Assigned task =>
Transcribe the records below exactly as they appear.
◆ ◆ ◆ ◆ ◆ ◆ ◆
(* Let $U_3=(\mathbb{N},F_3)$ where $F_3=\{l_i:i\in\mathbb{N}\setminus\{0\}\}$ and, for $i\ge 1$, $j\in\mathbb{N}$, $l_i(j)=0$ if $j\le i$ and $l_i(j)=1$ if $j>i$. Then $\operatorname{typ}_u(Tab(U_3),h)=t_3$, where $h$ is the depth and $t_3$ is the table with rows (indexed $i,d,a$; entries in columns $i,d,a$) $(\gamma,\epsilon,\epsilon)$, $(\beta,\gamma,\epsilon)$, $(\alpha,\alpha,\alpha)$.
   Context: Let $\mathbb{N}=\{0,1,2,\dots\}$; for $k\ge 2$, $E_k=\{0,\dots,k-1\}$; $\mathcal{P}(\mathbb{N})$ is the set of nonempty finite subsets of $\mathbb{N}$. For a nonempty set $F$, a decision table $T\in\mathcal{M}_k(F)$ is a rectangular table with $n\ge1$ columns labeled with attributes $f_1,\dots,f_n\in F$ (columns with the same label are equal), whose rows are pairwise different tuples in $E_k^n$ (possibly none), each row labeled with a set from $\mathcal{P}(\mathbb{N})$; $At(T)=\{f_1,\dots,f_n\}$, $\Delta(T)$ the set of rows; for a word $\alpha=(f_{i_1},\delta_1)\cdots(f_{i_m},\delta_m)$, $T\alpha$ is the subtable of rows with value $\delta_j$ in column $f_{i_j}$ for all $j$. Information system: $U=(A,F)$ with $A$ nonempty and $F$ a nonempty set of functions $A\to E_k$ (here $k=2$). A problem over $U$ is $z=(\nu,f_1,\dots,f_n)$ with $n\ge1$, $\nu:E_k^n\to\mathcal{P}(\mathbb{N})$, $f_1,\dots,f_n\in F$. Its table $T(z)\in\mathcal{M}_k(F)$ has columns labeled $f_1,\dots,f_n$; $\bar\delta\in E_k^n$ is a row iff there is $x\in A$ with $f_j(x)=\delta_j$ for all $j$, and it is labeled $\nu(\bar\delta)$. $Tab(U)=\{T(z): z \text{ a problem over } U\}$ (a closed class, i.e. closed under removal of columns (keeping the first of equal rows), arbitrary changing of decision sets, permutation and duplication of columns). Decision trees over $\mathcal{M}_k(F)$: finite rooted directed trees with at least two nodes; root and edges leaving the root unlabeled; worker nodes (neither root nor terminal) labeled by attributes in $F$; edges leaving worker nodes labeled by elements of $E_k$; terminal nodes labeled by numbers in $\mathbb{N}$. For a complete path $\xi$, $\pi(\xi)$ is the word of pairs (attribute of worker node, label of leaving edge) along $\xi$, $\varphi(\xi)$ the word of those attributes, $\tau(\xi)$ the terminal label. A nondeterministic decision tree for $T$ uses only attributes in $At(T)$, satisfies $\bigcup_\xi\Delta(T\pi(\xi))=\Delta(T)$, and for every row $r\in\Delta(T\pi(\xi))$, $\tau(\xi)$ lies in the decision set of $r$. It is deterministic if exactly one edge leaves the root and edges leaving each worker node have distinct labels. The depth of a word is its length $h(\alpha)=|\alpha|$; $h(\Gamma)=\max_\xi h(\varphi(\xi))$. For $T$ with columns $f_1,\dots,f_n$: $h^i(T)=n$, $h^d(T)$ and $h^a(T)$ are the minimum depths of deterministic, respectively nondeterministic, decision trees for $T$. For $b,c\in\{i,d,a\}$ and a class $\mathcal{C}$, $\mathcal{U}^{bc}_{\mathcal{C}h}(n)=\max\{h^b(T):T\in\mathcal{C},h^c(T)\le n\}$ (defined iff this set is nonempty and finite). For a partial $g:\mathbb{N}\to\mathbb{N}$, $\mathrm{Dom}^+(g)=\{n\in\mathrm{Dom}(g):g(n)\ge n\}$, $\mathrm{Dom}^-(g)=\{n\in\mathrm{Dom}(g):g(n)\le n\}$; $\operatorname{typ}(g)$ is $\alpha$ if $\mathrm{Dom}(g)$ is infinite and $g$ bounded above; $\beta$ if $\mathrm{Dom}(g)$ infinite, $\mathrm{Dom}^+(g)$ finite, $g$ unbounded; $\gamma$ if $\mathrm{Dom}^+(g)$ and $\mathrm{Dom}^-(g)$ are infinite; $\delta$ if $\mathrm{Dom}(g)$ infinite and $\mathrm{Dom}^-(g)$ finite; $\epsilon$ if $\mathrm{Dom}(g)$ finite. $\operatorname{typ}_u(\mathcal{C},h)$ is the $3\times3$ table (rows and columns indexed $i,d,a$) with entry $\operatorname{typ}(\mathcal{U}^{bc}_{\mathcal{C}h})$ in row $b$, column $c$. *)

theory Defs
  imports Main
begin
◆ ◆ ◆ ◆ ◆ ◆ ◆
Completed task =>
(* Let $U_3=(\mathbb{N},F_3)$ where $F_3=\{l_i:i\in\mathbb{N}\setminus\{0\}\}$ and, for $i\ge 1$, $j\in\mathbb{N}$, $l_i(j)=0$ if $j\le i$ and $l_i(j)=1$ if $j>i$. Then $\operatorname{typ}_u(Tab(U_3),h)=t_3$, where $h$ is the depth and $t_3$ is the table with rows (indexed $i,d,a$; entries in columns $i,d,a$) $(\gamma,\epsilon,\epsilon)$, $(\beta,\gamma,\epsilon)$, $(\alpha,\alpha,\alpha)$.
   Context: Let $\mathbb{N}=\{0,1,2,\dots\}$; for $k\ge 2$, $E_k=\{0,\dots,k-1\}$; $\mathcal{P}(\mathbb{N})$ is the set of nonempty finite subsets of $\mathbb{N}$. For a nonempty set $F$, a decision table $T\in\mathcal{M}_k(F)$ is a rectangular table with $n\ge1$ columns labeled with attributes $f_1,\dots,f_n\in F$ (columns with the same label are equal), whose rows are pairwise different tuples in $E_k^n$ (possibly none), each row labeled with a set from $\mathcal{P}(\mathbb{N})$; $At(T)=\{f_1,\dots,f_n\}$, $\Delta(T)$ the set of rows; for a word $\alpha=(f_{i_1},\delta_1)\cdots(f_{i_m},\delta_m)$, $T\alpha$ is the subtable of rows with value $\delta_j$ in column $f_{i_j}$ for all $j$. Information system: $U=(A,F)$ with $A$ nonempty and $F$ a nonempty set of functions $A\to E_k$ (here $k=2$). A problem over $U$ is $z=(\nu,f_1,\dots,f_n)$ with $n\ge1$, $\nu:E_k^n\to\mathcal{P}(\mathbb{N})$, $f_1,\dots,f_n\in F$. Its table $T(z)\in\mathcal{M}_k(F)$ has columns labeled $f_1,\dots,f_n$; $\bar\delta\in E_k^n$ is a row iff there is $x\in A$ with $f_j(x)=\delta_j$ for all $j$, and it is labeled $\nu(\bar\delta)$. $Tab(U)=\{T(z): z \text{ a problem over } U\}$ (a closed class, i.e. closed under removal of columns (keeping the first of equal rows), arbitrary changing of decision sets, permutation and duplication of columns). Decision trees over $\mathcal{M}_k(F)$: finite rooted directed trees with at least two nodes; root and edges leaving the root unlabeled; worker nodes (neither root nor terminal) labeled by attributes in $F$; edges leaving worker nodes labeled by elements of $E_k$; terminal nodes labeled by numbers in $\mathbb{N}$. For a complete path $\xi$, $\pi(\xi)$ is the word of pairs (attribute of worker node, label of leaving edge) along $\xi$, $\varphi(\xi)$ the word of those attributes, $\tau(\xi)$ the terminal label. A nondeterministic decision tree for $T$ uses only attributes in $At(T)$, satisfies $\bigcup_\xi\Delta(T\pi(\xi))=\Delta(T)$, and for every row $r\in\Delta(T\pi(\xi))$, $\tau(\xi)$ lies in the decision set of $r$. It is deterministic if exactly one edge leaves the root and edges leaving each worker node have distinct labels. The depth of a word is its length $h(\alpha)=|\alpha|$; $h(\Gamma)=\max_\xi h(\varphi(\xi))$. For $T$ with columns $f_1,\dots,f_n$: $h^i(T)=n$, $h^d(T)$ and $h^a(T)$ are the minimum depths of deterministic, respectively nondeterministic, decision trees for $T$. For $b,c\in\{i,d,a\}$ and a class $\mathcal{C}$, $\mathcal{U}^{bc}_{\mathcal{C}h}(n)=\max\{h^b(T):T\in\mathcal{C},h^c(T)\le n\}$ (defined iff this set is nonempty and finite). For a partial $g:\mathbb{N}\to\mathbb{N}$, $\mathrm{Dom}^+(g)=\{n\in\mathrm{Dom}(g):g(n)\ge n\}$, $\mathrm{Dom}^-(g)=\{n\in\mathrm{Dom}(g):g(n)\le n\}$; $\operatorname{typ}(g)$ is $\alpha$ if $\mathrm{Dom}(g)$ is infinite and $g$ bounded above; $\beta$ if $\mathrm{Dom}(g)$ infinite, $\mathrm{Dom}^+(g)$ finite, $g$ unbounded; $\gamma$ if $\mathrm{Dom}^+(g)$ and $\mathrm{Dom}^-(g)$ are infinite; $\delta$ if $\mathrm{Dom}(g)$ infinite and $\mathrm{Dom}^-(g)$ finite; $\epsilon$ if $\mathrm{Dom}(g)$ finite. $\operatorname{typ}_u(\mathcal{C},h)$ is the $3\times3$ table (rows and columns indexed $i,d,a$) with entry $\operatorname{typ}(\mathcal{U}^{bc}_{\mathcal{C}h})$ in row $b$, column $c$. *)

theory Defs
  imports Main
begin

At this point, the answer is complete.